Nearly two years ago I wrote an article on "Swensen's Six ETF Portfolio" laying out the logic and specifics of a simple six ETF portfolio. Keeping within the general guidelines listed below, is it possible to improve on this basic portfolio?

  • Develop an equity oriented portfolio to provide sufficient growth.
  • Hold securities that offer inflation protection.
  • Hold a minimum of 5% in an ETF so it makes a significant contribution to the portfolio.
  • Don't hold over 30% in any one ETF to avoid over exposure to a particular asset class or portion of the market.
  • Allocate 70% to equities, but spread it out over both domestic and international markets.

In the original article the six critical ETFs were: VTI, VEU, VWO, VNQ, TLT, and TIP. If I were to keep the "Swensen Six," the only change I would make is to swap out VEA for VEU since there are emerging market stocks within VEU and we cover emerging markets with VWO. Are there other changes that might improve on the original "Swensen Six?" Before seeking improvements, let's review the original recommendations.
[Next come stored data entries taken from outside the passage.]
(* Let $n\ge 3$. Every $\sigma\in\mathcal{S}_n^{1\prec n}(1324)$ that is not a primitive (i.e. $\sigma\notin\mathcal{S}_{n,1}^{1\prec n}(1324)$) admits a unique decomposition $\sigma=\sigma_1\odot\sigma_2$ where $\sigma_1\in\mathcal{S}_{m,1}^{1\prec m}(1324)$ is a primitive for some $m\ge2$ and $\sigma_2\in\mathcal{S}_\ell^{1\prec\ell}(1324)$ with $\ell=n-m+1$.
   Context: $\mathcal{S}_n(1324)$ denotes the set of permutations of $\{1,\dots,n\}$ (in one-line notation) avoiding the pattern $1324$. For $a,k\ge1$, $\mathcal{S}_{n,k}^{a\prec n}(1324)$ is the set of $\sigma\in\mathcal{S}_n(1324)$ with $\sigma^{-1}(n)-\sigma^{-1}(a)=k$ and $\sigma^{-1}(b)>\sigma^{-1}(n)$ for all $b\in\{1,\dots,a-1\}$, and $\mathcal{S}_n^{a\prec n}(1324)=\bigcup_{k\ge1}\mathcal{S}_{n,k}^{a\prec n}(1324)$. Elements of $\mathcal{S}_{m,1}^{1\prec m}(1324)$ are called primitives; such a permutation has the form $\sigma_1=\pi_1\,1\,m\,\tau_1$. Given a primitive $\sigma_1=\pi_1\,1\,m\,\tau_1$ of size $m$ and $\sigma_2\in\mathcal{S}_\ell(1324)$ of the form $\sigma_2=\pi_2\,1\,\theta_2\,\ell\,\tau_2$ (words possibly empty), the product is $\sigma_1\odot\sigma_2=\widehat{\pi}_2\,\pi_1\,1\,m\,\widehat{\theta}_2\,n\,\widehat{\tau}_2\,\tau_1$, where $n=\ell+m-1$ and hats denote adding $m-1$ to each entry. *)

theory Defs
  imports Main
begin

definition is_perm :: "nat \<Rightarrow> nat list \<Rightarrow> bool" where
  "is_perm n xs \<longleftrightarrow> distinct xs \<and> set xs = {1..n}"

definition contains_1324 :: "nat list \<Rightarrow> bool" where
  "contains_1324 xs \<longleftrightarrow> (\<exists>i j k l. i < j \<and> j < k \<and> k < l \<and> l < length xs \<and>
      xs!i < xs!k \<and> xs!k < xs!j \<and> xs!j < xs!l)"

definition Av1324 :: "nat \<Rightarrow> nat list set" where
  "Av1324 n = {xs. is_perm n xs \<and> \<not> contains_1324 xs}"

text \<open>Position (0-based) of value v in the list (meaningful when v occurs in xs).\<close>
definition pos :: "nat list \<Rightarrow> nat \<Rightarrow> nat" where
  "pos xs v = length (takeWhile (\<lambda>x. x \<noteq> v) xs)"

text \<open>S_{n,k}^{a<n}(1324): positions are compared as integers, so pos n - pos a = k with k >= 1.\<close>
definition Sk :: "nat \<Rightarrow> nat \<Rightarrow> nat \<Rightarrow> nat list set" where
  "Sk a n k = {xs. xs \<in> Av1324 n \<and> a \<in> set xs \<and> n \<in> set xs \<and>
      int (pos xs n) - int (pos xs a) = int k \<and>
      (\<forall>b \<in> {1..<a}. pos xs b > pos xs n)}"

definition S :: "nat \<Rightarrow> nat \<Rightarrow> nat list set" where
  "S a n = (\<Union>k \<in> {1..}. Sk a n k)"

definition odot :: "nat list \<Rightarrow> nat list \<Rightarrow> nat list" where
  "odot s1 s2 = (let m = length s1; l = length s2; n = l + m - 1;
      hat = map (\<lambda>x. x + (m - 1));
      \<pi>1 = takeWhile (\<lambda>x. x \<noteq> 1) s1;
      \<tau>1 = drop (length \<pi>1 + 2) s1;
      \<pi>2 = takeWhile (\<lambda>x. x \<noteq> 1) s2;
      r2 = drop (length \<pi>2 + 1) s2;
      \<theta>2 = takeWhile (\<lambda>x. x \<noteq> l) r2;
      \<tau>2 = drop (length \<theta>2 + 1) r2
    in hat \<pi>2 @ \<pi>1 @ [1, m] @ hat \<theta>2 @ [n] @ hat \<tau>2 @ \<tau>1)"

end

theory Submission
  imports Defs "HOL-Library.Sublist"
begin

text \<open>Write \<open>\<sigma> = \<pi> 1 m \<rho>\<close> with \<open>m\<close> the entry following 1; as \<open>\<sigma>\<close> is not primitive,
  \<open>1 < m < n\<close>. Avoidance of 1324 forbids an entry below \<open>m\<close> followed by one above \<open>m\<close>,
  both inside \<open>\<pi>\<close> (they would form 1324 with \<open>m, n\<close>) and inside \<open>\<rho>\<close> (with \<open>1, m\<close>).
  Hence \<open>\<sigma> = A B 1 m C D\<close> with \<open>A, C\<close> above \<open>m\<close>, \<open>B, D\<close> below \<open>m\<close> and \<open>n\<close> in \<open>C\<close>:
  the entries \<open>\<le> m\<close> form the primitive \<open>\<sigma>\<^sub>1 = B 1 m D\<close>, the entries \<open>\<ge> m\<close>, shifted down,
  form \<open>\<sigma>\<^sub>2\<close>, and \<open>\<sigma> = \<sigma>\<^sub>1 \<odot> \<sigma>\<^sub>2\<close>. Conversely, in any product \<open>\<sigma>\<^sub>1 \<odot> \<sigma>\<^sub>2\<close> the entry
  after 1 is the size of \<open>\<sigma>\<^sub>1\<close> and the same two restrictions return the factors,
  which gives uniqueness.\<close>

lemma contains_1324_appendI:
  assumes "xs = u @ a # v @ b # w @ c # y @ d # z" "a < c" "c < b" "b < d"
  shows "contains_1324 xs"
  unfolding contains_1324_def
proof (intro exI conjI)
  let ?i = "length u" and ?j = "length u + 1 + length v"
  let ?k = "length u + 1 + length v + 1 + length w"
  let ?l = "length u + 1 + length v + 1 + length w + 1 + length y"
  show "?i < ?j" "?j < ?k" "?k < ?l" "?l < length xs" using assms(1) by simp_all
  show "xs ! ?i < xs ! ?k" "xs ! ?k < xs ! ?j" "xs ! ?j < xs ! ?l"
    using assms by (simp_all add: nth_append)
qed

lemma subseq_nth_Cons_drop:
  assumes "i \<le> j" "j < length xs" "subseq ys (drop (Suc j) xs)"
  shows "subseq (xs ! j # ys) (drop i xs)"
proof -
  have "drop i xs = take (j - i) (drop i xs) @ xs ! j # drop (Suc j) xs"
    using id_take_nth_drop[of "j - i" "drop i xs"] assms(1,2) by simp
  then show ?thesis by (metis assms(3) subseq_Cons2 subseq_drop_many)
qed

lemma contains_1324_iff_subseq:
  "contains_1324 xs \<longleftrightarrow> (\<exists>a b c d. subseq [a, b, c, d] xs \<and> a < c \<and> c < b \<and> b < d)"
proof
  assume "contains_1324 xs"
  then obtain i j k l where ijkl: "i < j" "j < k" "k < l" "l < length xs"
    and vals: "xs!i < xs!k" "xs!k < xs!j" "xs!j < xs!l"
    unfolding contains_1324_def by blast
  have "subseq [xs!i, xs!j, xs!k, xs!l] (drop 0 xs)"
    using ijkl by (intro subseq_nth_Cons_drop) auto
  with vals show "\<exists>a b c d. subseq [a, b, c, d] xs \<and> a < c \<and> c < b \<and> b < d" by auto
next
  assume "\<exists>a b c d. subseq [a, b, c, d] xs \<and> a < c \<and> c < b \<and> b < d"
  then obtain a b c d where sub: "subseq [a, b, c, d] xs" and "a < c" "c < b" "b < d" by blast
  from sub obtain u v w y z where "xs = u @ a # v @ b # w @ c # y @ d # z"
    by (auto dest!: list_emb_ConsD)
  then show "contains_1324 xs" by (rule contains_1324_appendI) fact+
qed

lemma contains_1324_subseq: "subseq ys xs \<Longrightarrow> contains_1324 ys \<Longrightarrow> contains_1324 xs"
  unfolding contains_1324_iff_subseq by (meson subseq_order.trans)

lemma contains_1324_map_mono:
  assumes mono: "\<And>x y. x \<in> set xs \<Longrightarrow> y \<in> set xs \<Longrightarrow> x < y \<Longrightarrow> f x < f y"
    and "contains_1324 (map f xs)"
  shows "contains_1324 xs"
proof -
  have less_iff: "f x < f y \<longleftrightarrow> x < y" if "x \<in> set xs" "y \<in> set xs" for x y
    using mono[OF that] mono[OF that(2,1)] by (metis less_asym linorder_neqE_nat)
  from assms(2) obtain i j k l where "i < j" "j < k" "k < l" "l < length xs"
    "f (xs!i) < f (xs!k)" "f (xs!k) < f (xs!j)" "f (xs!j) < f (xs!l)"
    unfolding contains_1324_def by auto
  then show ?thesis unfolding contains_1324_def
    by (intro exI[of _ i] exI[of _ j] exI[of _ k] exI[of _ l]) (simp add: less_iff nth_mem)
qed

lemma set_mono_subseq: "subseq xs ys \<Longrightarrow> set xs \<subseteq> set ys"
  by (auto elim: list_emb_set)

lemma pos_append_Cons: "v \<notin> set u \<Longrightarrow> pos (u @ v # w) v = length u"
  unfolding pos_def by (induction u) auto

lemma is_perm_length: "is_perm n xs \<Longrightarrow> length xs = n"
  unfolding is_perm_def by (metis card_atLeastAtMost diff_Suc_1 distinct_card)

lemma takeWhile_neq_append_Cons: "v \<notin> set u \<Longrightarrow> takeWhile (\<lambda>x. x \<noteq> v) (u @ v # w) = u"
  by (induction u) auto

lemma filters_greater:
  "\<forall>x \<in> set xs. m < x \<Longrightarrow> filter (\<lambda>x. x \<le> m) xs = [] \<and> filter (\<lambda>x. m \<le> x) xs = xs"
  for m :: nat by (induction xs) auto

lemma filters_less:
  "\<forall>x \<in> set xs. x < m \<Longrightarrow> filter (\<lambda>x. x \<le> m) xs = xs \<and> filter (\<lambda>x. m \<le> x) xs = []"
  for m :: nat by (induction xs) auto

lemma dropWhile_greater_less:
  assumes "m \<notin> set xs" "\<not> (\<exists>x y. subseq [x, y] xs \<and> x < m \<and> m < y)"
    and "z \<in> set (dropWhile (\<lambda>x. m < x) xs)"
  shows "z < (m::nat)"
proof -
  obtain h rest where hr: "dropWhile (\<lambda>x. m < x) xs = h # rest"
    using assms(3) by (cases "dropWhile (\<lambda>x. m < x) xs") auto
  have "h \<in> set xs" by (metis hr list.set_intros(1) set_dropWhileD)
  with hr assms(1) have "h < m" by (metis dropWhile_eq_Cons_conv linorder_neqE_nat)
  have "subseq (h # rest) xs" by (metis hr takeWhile_dropWhile_id subseq_drop_many subseq_order.refl)
  then have "\<not> (z \<in> set rest \<and> m < z)"
    using assms(2) \<open>h < m\<close> by (metis subseq_Cons2 subseq_order.trans subseq_singleton_left)
  moreover have "z \<noteq> m" using assms(1,3) set_dropWhileD by metis
  ultimately show ?thesis using assms(3) hr \<open>h < m\<close> by auto
qed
In his Unconventional Success book, David Swensen recommends a very simple portfolio consisting of U.S. Equities (VTI - 30%), Foreign Developed Equities (VEA - 15%), Emerging Markets (VWO - 5%), Real Estate (VNQ - 20%), U.S. Treasury Bonds (TLT 15%), and U.S. Treasury Inflation-Protected Securities (TIP -15%). The ETFs within parenthesis are my choices for Swensen's recommendations. They are not the only ETFs available to fill the asset classes. The percentages are Swensen recommendations.

Since writing that original article in April of 2012, I've started using the "Cluster Weighting Momentum" (CWM) model and I will apply CWM analysis to the "improved portfolio." The philosophy behind the CWM model goes something like this. It is not the number of securities that builds a well-diversified portfolio, but the correlation between those securities. In addition to selecting low correlated ETFs, we also take advantage of the momentum effect.

The logic behind these broad asset classes makes a lot of sense as Swensen argues for an equity orientation while paying attention to risk and inflation protection. Investors wishing for additional risk protection only need apply a combination of ITA Risk Reduction and the SHY cutoff model as explained in the analysis below.

Is it possible to improve on this basic six ETF portfolio if one adds more ETF options? Although slightly more complicated, the following portfolio follows the general guidelines laid out by Swensen. Note that we keep the original six ETFs, but add 12 more ETFs for reasons suggested below.

  • U.S. Equities (30%) - VTI, VOE, and VBR will provide an opportunity to skew the portfolio toward smaller cap and value oriented stocks.
  • Foreign Developed Equities (15%) - VEA, VEU, VSS, SCZ gives the investor flexibility to include smaller cap stocks. Keep in mind that VEU, VSS, and SCZ are likely to dip into Emerging Markets.
  • Emerging Markets (5%) - VWO is the Exchange Traded Fund of choice and I would stick with Swensen's recommendation.
  • Real Estate (20%) - VNQ (15%) and adding RWX (5%) is a way to branch out into international real estate.
  • Bonds and Treasuries (30%) - In addition to TLT and TIP, I would include LQD, JNK, BND, BIV, PCY, and BWX. Investors now have the opportunity to add corporate bonds as well as several international securities. When running the "Cluster Weighting Momentum" (CWM) analysis, adding more low correlated ETFs provides greater opportunity to build a well-diversified portfolio.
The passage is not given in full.